PROBLEM - Repeat exactly, and only, the lines of the entries below from the one with "(let p = rha_enum" through the one with "the first \<open>b\<close>", both ends included.

(Saved entries)
-------------------------

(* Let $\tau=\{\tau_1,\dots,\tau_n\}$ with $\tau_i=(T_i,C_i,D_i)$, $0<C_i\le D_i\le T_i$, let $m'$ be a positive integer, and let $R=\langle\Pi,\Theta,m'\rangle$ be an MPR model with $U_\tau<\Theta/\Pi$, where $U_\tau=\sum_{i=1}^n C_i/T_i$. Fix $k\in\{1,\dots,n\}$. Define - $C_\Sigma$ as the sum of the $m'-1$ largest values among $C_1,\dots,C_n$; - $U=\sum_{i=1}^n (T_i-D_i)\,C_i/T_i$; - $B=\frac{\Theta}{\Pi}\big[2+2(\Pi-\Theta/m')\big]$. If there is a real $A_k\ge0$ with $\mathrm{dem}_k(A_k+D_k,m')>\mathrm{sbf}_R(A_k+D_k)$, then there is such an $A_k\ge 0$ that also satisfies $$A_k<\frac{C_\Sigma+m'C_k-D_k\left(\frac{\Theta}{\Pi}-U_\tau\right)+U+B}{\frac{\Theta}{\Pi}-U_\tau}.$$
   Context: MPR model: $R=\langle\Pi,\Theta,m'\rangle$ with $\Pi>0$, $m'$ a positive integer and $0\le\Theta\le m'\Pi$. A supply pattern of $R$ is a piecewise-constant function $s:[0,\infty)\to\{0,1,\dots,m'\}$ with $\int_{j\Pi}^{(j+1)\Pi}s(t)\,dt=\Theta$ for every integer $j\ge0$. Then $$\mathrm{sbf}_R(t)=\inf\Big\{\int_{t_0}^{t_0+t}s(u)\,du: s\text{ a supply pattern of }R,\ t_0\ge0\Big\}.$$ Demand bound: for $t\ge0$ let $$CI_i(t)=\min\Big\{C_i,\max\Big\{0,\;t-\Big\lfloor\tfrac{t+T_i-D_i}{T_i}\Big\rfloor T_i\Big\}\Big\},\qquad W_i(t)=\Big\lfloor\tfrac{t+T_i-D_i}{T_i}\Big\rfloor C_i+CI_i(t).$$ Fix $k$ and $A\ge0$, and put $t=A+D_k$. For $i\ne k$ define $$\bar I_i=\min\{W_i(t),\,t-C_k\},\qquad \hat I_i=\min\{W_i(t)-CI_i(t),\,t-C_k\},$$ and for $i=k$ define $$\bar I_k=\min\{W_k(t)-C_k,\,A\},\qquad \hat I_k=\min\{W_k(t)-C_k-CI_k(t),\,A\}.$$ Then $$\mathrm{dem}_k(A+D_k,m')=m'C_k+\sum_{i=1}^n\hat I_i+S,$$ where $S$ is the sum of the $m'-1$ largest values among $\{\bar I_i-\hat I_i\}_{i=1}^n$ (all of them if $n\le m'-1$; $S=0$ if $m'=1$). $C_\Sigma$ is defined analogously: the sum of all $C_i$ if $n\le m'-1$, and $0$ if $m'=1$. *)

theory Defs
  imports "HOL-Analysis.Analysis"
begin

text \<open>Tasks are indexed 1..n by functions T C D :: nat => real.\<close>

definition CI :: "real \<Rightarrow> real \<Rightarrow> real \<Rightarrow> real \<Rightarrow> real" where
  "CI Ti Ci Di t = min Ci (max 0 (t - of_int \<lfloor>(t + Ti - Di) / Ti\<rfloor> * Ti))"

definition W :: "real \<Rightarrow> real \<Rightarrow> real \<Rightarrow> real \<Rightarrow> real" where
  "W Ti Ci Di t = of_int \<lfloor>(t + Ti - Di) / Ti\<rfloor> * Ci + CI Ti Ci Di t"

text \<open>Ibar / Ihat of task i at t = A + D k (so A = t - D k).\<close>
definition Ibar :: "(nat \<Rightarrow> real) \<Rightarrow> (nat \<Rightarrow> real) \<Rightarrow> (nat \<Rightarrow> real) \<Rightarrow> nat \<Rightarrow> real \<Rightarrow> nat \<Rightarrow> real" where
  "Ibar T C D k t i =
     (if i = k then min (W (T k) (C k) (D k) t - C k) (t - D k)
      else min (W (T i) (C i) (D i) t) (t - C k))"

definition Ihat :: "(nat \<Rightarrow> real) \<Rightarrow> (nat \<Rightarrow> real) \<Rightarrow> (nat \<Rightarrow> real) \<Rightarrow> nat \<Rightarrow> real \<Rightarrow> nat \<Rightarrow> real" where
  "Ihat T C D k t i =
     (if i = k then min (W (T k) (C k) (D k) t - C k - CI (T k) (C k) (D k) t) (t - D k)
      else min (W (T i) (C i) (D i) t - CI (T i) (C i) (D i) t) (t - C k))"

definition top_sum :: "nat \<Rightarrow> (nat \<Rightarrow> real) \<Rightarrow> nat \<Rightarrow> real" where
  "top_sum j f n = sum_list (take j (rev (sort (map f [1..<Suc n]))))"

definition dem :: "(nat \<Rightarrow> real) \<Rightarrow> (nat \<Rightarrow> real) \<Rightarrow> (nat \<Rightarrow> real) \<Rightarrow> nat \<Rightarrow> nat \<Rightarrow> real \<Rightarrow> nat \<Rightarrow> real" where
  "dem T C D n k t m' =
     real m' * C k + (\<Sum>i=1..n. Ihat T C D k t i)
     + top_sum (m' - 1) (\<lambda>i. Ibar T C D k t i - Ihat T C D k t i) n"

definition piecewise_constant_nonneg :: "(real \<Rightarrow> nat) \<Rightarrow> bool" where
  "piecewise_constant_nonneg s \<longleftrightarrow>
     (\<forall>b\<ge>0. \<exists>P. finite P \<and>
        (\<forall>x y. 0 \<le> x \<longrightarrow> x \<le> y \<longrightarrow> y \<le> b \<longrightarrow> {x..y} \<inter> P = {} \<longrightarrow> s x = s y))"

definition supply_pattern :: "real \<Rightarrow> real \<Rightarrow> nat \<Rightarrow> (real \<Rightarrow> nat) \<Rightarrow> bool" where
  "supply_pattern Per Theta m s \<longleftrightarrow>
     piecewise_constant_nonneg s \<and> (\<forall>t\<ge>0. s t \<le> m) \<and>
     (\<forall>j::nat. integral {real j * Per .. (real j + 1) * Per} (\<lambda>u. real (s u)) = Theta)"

-------------------------

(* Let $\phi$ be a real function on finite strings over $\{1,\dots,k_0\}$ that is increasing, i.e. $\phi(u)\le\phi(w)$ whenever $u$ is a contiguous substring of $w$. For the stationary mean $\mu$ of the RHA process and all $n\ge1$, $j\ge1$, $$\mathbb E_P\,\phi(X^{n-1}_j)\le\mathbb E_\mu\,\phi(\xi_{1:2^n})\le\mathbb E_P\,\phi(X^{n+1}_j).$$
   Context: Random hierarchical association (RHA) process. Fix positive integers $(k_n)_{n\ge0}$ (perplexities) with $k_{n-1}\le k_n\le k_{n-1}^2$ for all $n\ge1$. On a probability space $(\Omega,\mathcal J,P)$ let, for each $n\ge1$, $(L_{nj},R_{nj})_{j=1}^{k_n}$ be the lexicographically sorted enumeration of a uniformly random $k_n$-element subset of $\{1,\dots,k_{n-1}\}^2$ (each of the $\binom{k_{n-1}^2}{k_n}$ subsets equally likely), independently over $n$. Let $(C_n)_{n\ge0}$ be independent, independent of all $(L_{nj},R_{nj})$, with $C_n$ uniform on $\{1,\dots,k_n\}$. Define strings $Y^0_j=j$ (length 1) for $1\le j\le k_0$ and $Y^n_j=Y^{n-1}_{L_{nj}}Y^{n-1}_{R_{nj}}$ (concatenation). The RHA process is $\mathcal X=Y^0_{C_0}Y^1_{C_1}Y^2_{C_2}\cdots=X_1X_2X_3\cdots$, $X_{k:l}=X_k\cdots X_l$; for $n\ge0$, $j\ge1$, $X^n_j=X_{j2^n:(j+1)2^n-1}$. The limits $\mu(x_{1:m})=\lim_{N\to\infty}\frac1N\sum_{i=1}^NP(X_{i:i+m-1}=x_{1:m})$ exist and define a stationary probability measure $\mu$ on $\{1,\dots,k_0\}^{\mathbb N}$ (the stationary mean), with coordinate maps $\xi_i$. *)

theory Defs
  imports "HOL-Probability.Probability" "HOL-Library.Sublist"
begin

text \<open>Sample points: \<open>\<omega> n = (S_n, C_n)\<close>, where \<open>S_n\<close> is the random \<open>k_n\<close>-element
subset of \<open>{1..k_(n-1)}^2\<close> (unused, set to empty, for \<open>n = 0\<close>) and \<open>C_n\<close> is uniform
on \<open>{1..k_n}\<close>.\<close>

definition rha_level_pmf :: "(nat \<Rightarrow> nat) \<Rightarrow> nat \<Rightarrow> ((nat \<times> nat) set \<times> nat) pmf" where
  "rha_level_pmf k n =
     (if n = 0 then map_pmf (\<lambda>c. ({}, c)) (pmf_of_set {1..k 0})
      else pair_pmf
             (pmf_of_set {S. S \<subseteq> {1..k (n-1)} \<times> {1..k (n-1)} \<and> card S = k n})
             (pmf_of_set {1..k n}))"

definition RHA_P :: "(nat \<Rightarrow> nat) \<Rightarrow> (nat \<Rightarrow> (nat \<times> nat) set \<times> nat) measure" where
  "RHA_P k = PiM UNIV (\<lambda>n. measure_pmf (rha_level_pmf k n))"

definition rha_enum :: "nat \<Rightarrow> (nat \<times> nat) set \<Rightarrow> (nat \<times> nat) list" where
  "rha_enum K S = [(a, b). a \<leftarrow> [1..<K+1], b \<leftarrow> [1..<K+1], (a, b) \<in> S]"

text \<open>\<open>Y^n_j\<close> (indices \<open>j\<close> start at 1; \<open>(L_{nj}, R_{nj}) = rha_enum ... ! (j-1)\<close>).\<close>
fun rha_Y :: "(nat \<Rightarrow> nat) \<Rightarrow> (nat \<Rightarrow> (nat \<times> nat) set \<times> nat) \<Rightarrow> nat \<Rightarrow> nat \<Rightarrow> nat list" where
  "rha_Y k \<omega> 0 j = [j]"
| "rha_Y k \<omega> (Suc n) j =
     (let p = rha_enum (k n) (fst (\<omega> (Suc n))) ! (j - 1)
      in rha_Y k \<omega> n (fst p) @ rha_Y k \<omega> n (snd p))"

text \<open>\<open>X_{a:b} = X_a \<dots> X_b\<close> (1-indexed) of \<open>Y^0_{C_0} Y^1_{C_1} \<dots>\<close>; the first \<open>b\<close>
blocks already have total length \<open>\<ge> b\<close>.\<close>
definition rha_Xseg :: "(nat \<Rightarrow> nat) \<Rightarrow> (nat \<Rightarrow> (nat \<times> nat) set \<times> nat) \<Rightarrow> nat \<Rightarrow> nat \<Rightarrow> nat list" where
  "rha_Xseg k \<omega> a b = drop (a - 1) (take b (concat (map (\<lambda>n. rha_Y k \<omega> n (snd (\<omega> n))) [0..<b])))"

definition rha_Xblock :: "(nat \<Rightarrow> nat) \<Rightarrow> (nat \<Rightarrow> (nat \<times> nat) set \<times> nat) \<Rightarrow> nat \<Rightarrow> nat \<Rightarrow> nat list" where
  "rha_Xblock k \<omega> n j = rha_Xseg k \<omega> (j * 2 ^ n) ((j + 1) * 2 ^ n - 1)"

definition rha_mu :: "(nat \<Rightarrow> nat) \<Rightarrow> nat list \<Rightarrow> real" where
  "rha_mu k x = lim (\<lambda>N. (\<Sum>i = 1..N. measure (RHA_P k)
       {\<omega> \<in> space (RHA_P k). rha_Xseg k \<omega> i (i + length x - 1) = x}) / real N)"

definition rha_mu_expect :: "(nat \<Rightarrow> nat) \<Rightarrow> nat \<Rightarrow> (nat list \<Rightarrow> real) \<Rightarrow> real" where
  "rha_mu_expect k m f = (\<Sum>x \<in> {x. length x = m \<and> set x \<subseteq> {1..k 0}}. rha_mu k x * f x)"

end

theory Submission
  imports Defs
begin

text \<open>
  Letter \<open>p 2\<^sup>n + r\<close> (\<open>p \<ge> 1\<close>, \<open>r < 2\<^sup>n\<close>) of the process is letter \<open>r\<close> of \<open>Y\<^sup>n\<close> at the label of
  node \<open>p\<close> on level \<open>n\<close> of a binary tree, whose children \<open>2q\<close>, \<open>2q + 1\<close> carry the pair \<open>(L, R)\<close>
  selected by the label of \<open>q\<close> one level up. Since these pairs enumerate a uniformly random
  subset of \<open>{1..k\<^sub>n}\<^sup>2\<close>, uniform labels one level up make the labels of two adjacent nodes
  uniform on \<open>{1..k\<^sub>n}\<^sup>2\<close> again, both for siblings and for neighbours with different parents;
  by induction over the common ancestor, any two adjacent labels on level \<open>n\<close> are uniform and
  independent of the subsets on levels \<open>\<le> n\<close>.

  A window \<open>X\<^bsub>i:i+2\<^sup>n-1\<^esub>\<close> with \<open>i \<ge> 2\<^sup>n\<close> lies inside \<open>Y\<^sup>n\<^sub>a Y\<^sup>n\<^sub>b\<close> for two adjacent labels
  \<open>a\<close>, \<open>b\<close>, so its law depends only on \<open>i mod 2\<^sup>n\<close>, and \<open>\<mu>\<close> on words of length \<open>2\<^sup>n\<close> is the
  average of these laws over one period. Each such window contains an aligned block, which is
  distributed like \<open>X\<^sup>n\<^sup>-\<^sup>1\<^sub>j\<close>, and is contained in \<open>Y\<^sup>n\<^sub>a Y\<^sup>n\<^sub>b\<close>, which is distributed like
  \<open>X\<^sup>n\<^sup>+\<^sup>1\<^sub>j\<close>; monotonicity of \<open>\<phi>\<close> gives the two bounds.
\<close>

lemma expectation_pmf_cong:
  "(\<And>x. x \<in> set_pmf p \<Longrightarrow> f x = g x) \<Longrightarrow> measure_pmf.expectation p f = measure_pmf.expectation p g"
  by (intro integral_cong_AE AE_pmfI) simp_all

-------------------------

ANSWER TO THIS EXERCISE -
     (let p = rha_enum (k n) (fst (\<omega> (Suc n))) ! (j - 1)
      in rha_Y k \<omega> n (fst p) @ rha_Y k \<omega> n (snd p))"

text \<open>\<open>X_{a:b} = X_a \<dots> X_b\<close> (1-indexed) of \<open>Y^0_{C_0} Y^1_{C_1} \<dots>\<close>; the first \<open>b\<close>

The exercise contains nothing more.